PROBLEM DETAILS | Could you write out the opening lines of the data, word for word, stopping after the line that contains "x = th_al f"?

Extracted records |
=== Section Start ===

lemma star_hom_norm_Sup:
  assumes star: "\<And>f. \<theta> (st f) = adj (\<theta> f)"
  shows "Sup {mnorm (\<theta> f) | f. norm f \<le> 1} = 1"
proof (rule cSup_eq_maximum)
  have "mnorm (\<theta> 1) = 1" by (simp add: mnorm_def th_one onorm_id)
  then show "1 \<in> {mnorm (\<theta> f) | f. norm f \<le> 1}" by force
next
  fix x assume "x \<in> {mnorm (\<theta> f) | f. norm f \<le> 1}"
  then obtain f where "x = mnorm (\<theta> f)" "norm f \<le> 1" by blast
  moreover have "mnorm (\<theta> f) \<le> norm f"
    unfolding mnorm_def by (rule onorm_le) (rule star_hom_contractive[OF star])
  ultimately show "x \<le> 1" by simp
qed

end

section \<open>The twisted map \<open>\<theta>\<^sub>\<alpha>\<close>\<close>

locale twisted_contractive_rep = cstar_matrix_rep +
  fixes \<alpha> :: "'a \<Rightarrow> 'a"
  assumes al_add: "\<And>x y. \<alpha> (x + y) = \<alpha> x + \<alpha> y"
    and al_sm: "\<And>c x. \<alpha> (sm c x) = sm (cnj c) (\<alpha> x)"
    and al_contr: "\<And>f. norm (\<alpha> f) \<le> norm f"
    and al_one: "\<alpha> 1 = 1"
    and th_al_norm: "\<And>f. mnorm (mscale (1/2) (\<theta> f + adj (\<theta> (\<alpha> f)))) \<le> norm f"
begin

definition th_al where
  "th_al f = mscale (1/2) (\<theta> f + adj (\<theta> (\<alpha> f)))"

lemma th_al_apply: "th_al f *v x = (1/2) *s (\<theta> f *v x + adj (\<theta> (\<alpha> f)) *v x)"
  by (simp add: th_al_def mscale_matrix_vector_mult matrix_vector_mult_add_rdistrib)

lemma th_al_form: "cinner (th_al f *v x) x = (1/2) * (cinner (\<theta> f *v x) x + cinner x (\<theta> (\<alpha> f) *v x))"
  by (simp add: th_al_apply cinner_scale_left cinner_add_left cinner_adj)

lemma th_al_form_bound: "cmod (cinner (th_al f *v x) x) \<le> norm f * (norm x)\<^sup>2"
proof -
  have "mnorm (th_al f) \<le> norm f" unfolding th_al_def by (rule th_al_norm)
  then show ?thesis
    using cinner_matrix_vector_mult_le_mnorm[of "th_al f" x]
    by (meson mult_right_mono order_trans zero_le_power2)
qed

lemma th_al_add_apply: "th_al (f + g) *v x = th_al f *v x + th_al g *v x"
  by (simp add: th_al_apply th_add al_add adj_add matrix_vector_mult_add_rdistrib vector_sadd_rdistrib
      vector_add_ldistrib algebra_simps)

lemma th_al_scalar_apply: "th_al (sm c 1) *v x = c *s x"
proof -
  have "adj (\<theta> (\<alpha> (sm c 1))) *v x = c *s x"
    by (simp add: al_sm al_one th_sm th_one adj_mscale adj_mat_1 mscale_matrix_vector_mult)
  then show ?thesis
    by (simp add: th_al_apply th_scalar_apply vector_smult_assoc flip: vector_sadd_rdistrib)
qed

text \<open>As for \<open>eigenvalue_selfadjoint_real\<close>, with the vector states of \<open>\<theta>\<^sub>\<alpha>\<close> in place of
  eigenvalues.\<close>

lemma th_al_form_selfadjoint_real:
  assumes h: "st h = h"
  shows "Im (cinner (th_al h *v x) x) = 0"
proof (cases "x = 0")
  case False
  show ?thesis
  proof (rule quadratic_growth_imp_zero[where b="(norm x)\<^sup>2" and N="(norm h)\<^sup>2"])
    fix t :: real
    define z where "z = h + sm (\<i> * complex_of_real t) 1"
    define q where "q = cinner (th_al h *v x) x"
    have "cinner (th_al z *v x) x = q + \<i> * complex_of_real (t * (norm x)\<^sup>2)"
      by (simp add: z_def q_def th_al_add_apply th_al_scalar_apply cinner_add_left cinner_scale_left
          cinner_self del: of_real_power)
    then have "cmod (q + \<i> * complex_of_real (t * (norm x)\<^sup>2)) \<le> norm z * (norm x)\<^sup>2"
      using th_al_form_bound[of z x] by simp
    then have "(cmod (q + \<i> * complex_of_real (t * (norm x)\<^sup>2)))\<^sup>2 \<le> (norm z)\<^sup>2 * ((norm x)\<^sup>2)\<^sup>2"
      by (metis norm_ge_zero power_mono power_mult_distrib)
    also have "\<dots> \<le> ((norm h)\<^sup>2 + t\<^sup>2) * ((norm x)\<^sup>2)\<^sup>2"
      unfolding z_def by (intro mult_right_mono norm_selfadjoint_plus_imaginary[OF h]) simp
    finally have "(cmod (q + \<i> * complex_of_real (t * (norm x)\<^sup>2)))\<^sup>2 \<le> ((norm h)\<^sup>2 + t\<^sup>2) * ((norm x)\<^sup>2)\<^sup>2" .
    moreover have "(Im q + t * (norm x)\<^sup>2)\<^sup>2 \<le> (cmod (q + \<i> * complex_of_real (t * (norm x)\<^sup>2)))\<^sup>2"
      by (simp add: cmod_power2 del: of_real_power)
    ultimately show "(Im (cinner (th_al h *v x) x) + t * (norm x)\<^sup>2)\<^sup>2
        \<le> (norm h)\<^sup>2 * ((norm x)\<^sup>2)\<^sup>2 + t\<^sup>2 * ((norm x)\<^sup>2)\<^sup>2"
      unfolding q_def by (simp add: algebra_simps)
  qed (use False in simp)
qed simp

lemma al_eigenvalue_real:
  assumes h: "st h = h" and s: "\<theta> h *v a = s *s a" and c: "\<theta> (\<alpha> h) *v a = c *s a" and "a \<noteq> 0"
  shows "Im c = 0"
proof -
  have "Im s = 0" using eigenvalue_selfadjoint_real[OF h s \<open>a \<noteq> 0\<close>] .
  have "2 * cinner (th_al h *v a) a = (s + cnj c) * complex_of_real ((norm a)\<^sup>2)"
    by (simp add: th_al_form s c cinner_scale_left cinner_scale_right cinner_self algebra_simps
        del: of_real_power)
  moreover have "Im (2 * cinner (th_al h *v a) a) = 0"
    using th_al_form_selfadjoint_real[OF h] by simp
  ultimately show ?thesis using \<open>Im s = 0\<close> \<open>a \<noteq> 0\<close> by simp
qed

lemma th_al_form_pair:
  assumes a: "\<theta> h *v a = a" "\<theta> (\<alpha> h) *v a = ca *s a"
    and b: "\<theta> h *v b = - b" "\<theta> (\<alpha> h) *v b = cb *s b"
  shows "2 * cinner (th_al h *v (a + s *s b)) (a + s *s b) =
     (1 + cnj ca) * cinner a a + s * cnj s * (cnj cb - 1) * cinner b b
     + cnj s * cinner a b * (1 + cnj cb) + s * cnj (cinner a b) * (cnj ca - 1)"
proof -
  have h_apply: "\<theta> h *v (a + s *s b) = a - s *s b"
    by (simp add: matrix_vector_right_distrib vector_scalar_commute a b vector_smult_rneg)
  have al_h_apply: "\<theta> (\<alpha> h) *v (a + s *s b) = ca *s a + (s * cb) *s b"
    by (simp add: matrix_vector_right_distrib vector_scalar_commute a b vector_smult_assoc)
  have "cinner b a = cnj (cinner a b)" by (simp add: cnj_cinner)
  then show ?thesis
    unfolding th_al_form h_apply al_h_apply
    by (simp add: cinner_add_left cinner_add_right cinner_diff_left cinner_scale_left
        cinner_scale_right algebra_simps)
qed

text \<open>Evaluating the real, norm-bounded form \<open>\<langle>\<theta>\<^sub>\<alpha>(h) x, x\<rangle>\<close> at \<open>x = a + i\<langle>a, b\<rangle> b\<close>.\<close>

lemma al_sign_eigenvalues:
  assumes h: "st h = h" "norm h \<le> 1"
    and a: "\<theta> h *v a = a" "\<theta> (\<alpha> h) *v a = ca *s a"
    and b: "\<theta> h *v b = - b" "\<theta> (\<alpha> h) *v b = cb *s b"
    and "cinner a b \<noteq> 0"
  shows "ca = 1" and "cb = -1"
proof -
  have "a \<noteq> 0" "b \<noteq> 0" using \<open>cinner a b \<noteq> 0\<close> by auto
  have "Im ca = 0" using al_eigenvalue_real[OF h(1) _ a(2) \<open>a \<noteq> 0\<close>, of 1] a(1) by simp
  have "Im cb = 0"
    using al_eigenvalue_real[OF h(1) _ b(2) \<open>b \<noteq> 0\<close>, of "-1"] b(1) by (simp add: vector_smult_lneg)
  have "cmod ca \<le> 1" "cmod cb \<le> 1"
    using eigenvalue_norm_le[OF a(2) \<open>a \<noteq> 0\<close>] eigenvalue_norm_le[OF b(2) \<open>b \<noteq> 0\<close>] al_contr[of h] h(2)
    by linarith+
  define \<rho> \<sigma> where "\<rho> = Re ca" and "\<sigma> = Re cb"
  have ca: "ca = complex_of_real \<rho>" and cb: "cb = complex_of_real \<sigma>"
    using \<open>Im ca = 0\<close> \<open>Im cb = 0\<close> by (simp_all add: \<rho>_def \<sigma>_def complex_eq_iff)
  have "\<bar>\<rho>\<bar> \<le> 1" "\<bar>\<sigma>\<bar> \<le> 1"
    using \<open>cmod ca \<le> 1\<close> \<open>cmod cb \<le> 1\<close> by (simp_all add: ca cb)
  define z where "z = cinner a b"
  define na nb nz where "na = (norm a)\<^sup>2" and "nb = (norm b)\<^sup>2" and "nz = (cmod z)\<^sup>2"
  have "nz > 0" using \<open>cinner a b \<noteq> 0\<close> by (simp add: nz_def z_def)
  have aa: "cinner a a = complex_of_real na" and bb: "cinner b b = complex_of_real nb"
    by (simp_all add: na_def nb_def cinner_self)
  have zz: "z * cnj z = complex_of_real nz" by (simp add: nz_def complex_mult_cnj cmod_power2)
  have "Im (2 * cinner (th_al h *v (a + (\<i> * z) *s b)) (a + (\<i> * z) *s b)) = (\<rho> - \<sigma> - 2) * nz"
    unfolding th_al_form_pair[OF a b] by (simp add: ca cb aa bb z_def [symmetric] algebra_simps zz)
  moreover have "Im (2 * cinner (th_al h *v x) x) = 0" for x
    using th_al_form_selfadjoint_real[OF h(1)] by simp
  ultimately have "\<rho> - \<sigma> = 2" using \<open>nz > 0\<close> by simp
  then have "\<rho> = 1" "\<sigma> = -1" using \<open>\<bar>\<rho>\<bar> \<le> 1\<close> \<open>\<bar>\<sigma>\<bar> \<le> 1\<close> by (auto simp: abs_le_iff)
  then show "ca = 1" "cb = -1" by (simp_all add: ca cb)
qed

text \<open>Once \<open>\<theta>(\<alpha>(h))\<close> acts as \<open>\<theta>(h)\<close> on \<open>a\<close> and \<open>b\<close>, the form \<open>\<langle>\<theta>\<^sub>\<alpha>(h) x, x\<rangle>\<close> at
  \<open>x = a - t\<langle>a, b\<rangle> b\<close> drops below \<open>-\<parallel>x\<parallel>\<^sup>2\<close> for suitable \<open>t\<close> unless \<open>\<langle>a, b\<rangle> = 0\<close>.\<close>

lemma sign_eigenvectors_orthogonal:
  assumes h: "st h = h" "norm h \<le> 1"
    and a: "\<theta> h *v a = a" "\<theta> (\<alpha> h) *v a = ca *s a"
    and b: "\<theta> h *v b = - b" "\<theta> (\<alpha> h) *v b = cb *s b"
  shows "cinner a b = 0"
proof (rule ccontr)
  assume "cinner a b \<noteq> 0"
  then have ca: "ca = 1" and cb: "cb = -1" using al_sign_eigenvalues[OF h a b] by auto
  define z where "z = cinner a b"
  define na nb nz where "na = (norm a)\<^sup>2" and "nb = (norm b)\<^sup>2" and "nz = (cmod z)\<^sup>2"
  have "nz > 0" using \<open>cinner a b \<noteq> 0\<close> by (simp add: nz_def z_def)
  have aa: "cinner a a = complex_of_real na" and bb: "cinner b b = complex_of_real nb"
    by (simp_all add: na_def nb_def cinner_self)
  have ba: "cinner b a = cnj z" by (simp add: z_def cnj_cinner)
  have zz: "z * cnj z = complex_of_real nz" by (simp add: nz_def complex_mult_cnj cmod_power2)
  have zz': "z * (cnj z * w) = complex_of_real nz * w" for w
    by (simp add: mult.assoc [symmetric] zz)
  define t where "t = (na + 1) / nz"
  define x where "x = a + (- (complex_of_real t * z)) *s b"
  have form: "2 * cinner (th_al h *v x) x = complex_of_real (2 * na - 2 * t\<^sup>2 * nz * nb)"
    unfolding x_def th_al_form_pair[OF a b]
    by (simp add: ca cb aa bb z_def [symmetric] algebra_simps zz power2_eq_square)
  have "complex_of_real ((norm x)\<^sup>2) = cinner x x" by (simp add: cinner_self)
  also have "\<dots> = complex_of_real (na - 2 * t * nz + t\<^sup>2 * nz * nb)"
    unfolding x_def
    by (simp add: cinner_add_left cinner_add_right cinner_diff_left cinner_diff_right
        cinner_scale_left cinner_scale_right aa bb z_def [symmetric] ba algebra_simps zz zz'
        power2_eq_square)
  finally have norm_x: "(norm x)\<^sup>2 = na - 2 * t * nz + t\<^sup>2 * nz * nb" by (simp only: of_real_eq_iff)
  have "cmod (cinner (th_al h *v x) x) \<le> (norm x)\<^sup>2"
    using th_al_form_bound[of h x] h(2)
    by (meson mult_right_mono order_trans zero_le_power2 mult_left_le_one_le norm_ge_zero)
  then have "- (norm x)\<^sup>2 \<le> Re (cinner (th_al h *v x) x)"
    using abs_Re_le_cmod[of "cinner (th_al h *v x) x"] by linarith
  moreover have "Re (cinner (th_al h *v x) x) = na - t\<^sup>2 * nz * nb"
    using arg_cong[OF form, of Re] by simp
  ultimately have "0 \<le> 2 * na - 2 * t * nz" using norm_x by simp
  moreover have "t * nz = na + 1" using \<open>nz > 0\<close> by (simp add: t_def)
  ultimately show False by simp
qed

=== Section End ===

SOLUTION FOR THIS TASK |
lemma star_hom_norm_Sup:
  assumes star: "\<And>f. \<theta> (st f) = adj (\<theta> f)"
  shows "Sup {mnorm (\<theta> f) | f. norm f \<le> 1} = 1"
proof (rule cSup_eq_maximum)
  have "mnorm (\<theta> 1) = 1" by (simp add: mnorm_def th_one onorm_id)
  then show "1 \<in> {mnorm (\<theta> f) | f. norm f \<le> 1}" by force
next
  fix x assume "x \<in> {mnorm (\<theta> f) | f. norm f \<le> 1}"
  then obtain f where "x = mnorm (\<theta> f)" "norm f \<le> 1" by blast
  moreover have "mnorm (\<theta> f) \<le> norm f"
    unfolding mnorm_def by (rule onorm_le) (rule star_hom_contractive[OF star])
  ultimately show "x \<le> 1" by simp
qed

end

section \<open>The twisted map \<open>\<theta>\<^sub>\<alpha>\<close>\<close>

locale twisted_contractive_rep = cstar_matrix_rep +
  fixes \<alpha> :: "'a \<Rightarrow> 'a"
  assumes al_add: "\<And>x y. \<alpha> (x + y) = \<alpha> x + \<alpha> y"
    and al_sm: "\<And>c x. \<alpha> (sm c x) = sm (cnj c) (\<alpha> x)"
    and al_contr: "\<And>f. norm (\<alpha> f) \<le> norm f"
    and al_one: "\<alpha> 1 = 1"
    and th_al_norm: "\<And>f. mnorm (mscale (1/2) (\<theta> f + adj (\<theta> (\<alpha> f)))) \<le> norm f"
begin

definition th_al where
  "th_al f = mscale (1/2) (\<theta> f + adj (\<theta> (\<alpha> f)))"

lemma th_al_apply: "th_al f *v x = (1/2) *s (\<theta> f *v x + adj (\<theta> (\<alpha> f)) *v x)"
  by (simp add: th_al_def mscale_matrix_vector_mult matrix_vector_mult_add_rdistrib)

lemma th_al_form: "cinner (th_al f *v x) x = (1/2) * (cinner (\<theta> f *v x) x + cinner x (\<theta> (\<alpha> f) *v x))"
  by (simp add: th_al_apply cinner_scale_left cinner_add_left cinner_adj)

lemma th_al_form_bound: "cmod (cinner (th_al f *v x) x) \<le> norm f * (norm x)\<^sup>2"
proof -
  have "mnorm (th_al f) \<le> norm f" unfolding th_al_def by (rule th_al_norm)
  then show ?thesis
    using cinner_matrix_vector_mult_le_mnorm[of "th_al f" x]
    by (meson mult_right_mono order_trans zero_le_power2)
qed

lemma th_al_add_apply: "th_al (f + g) *v x = th_al f *v x + th_al g *v x"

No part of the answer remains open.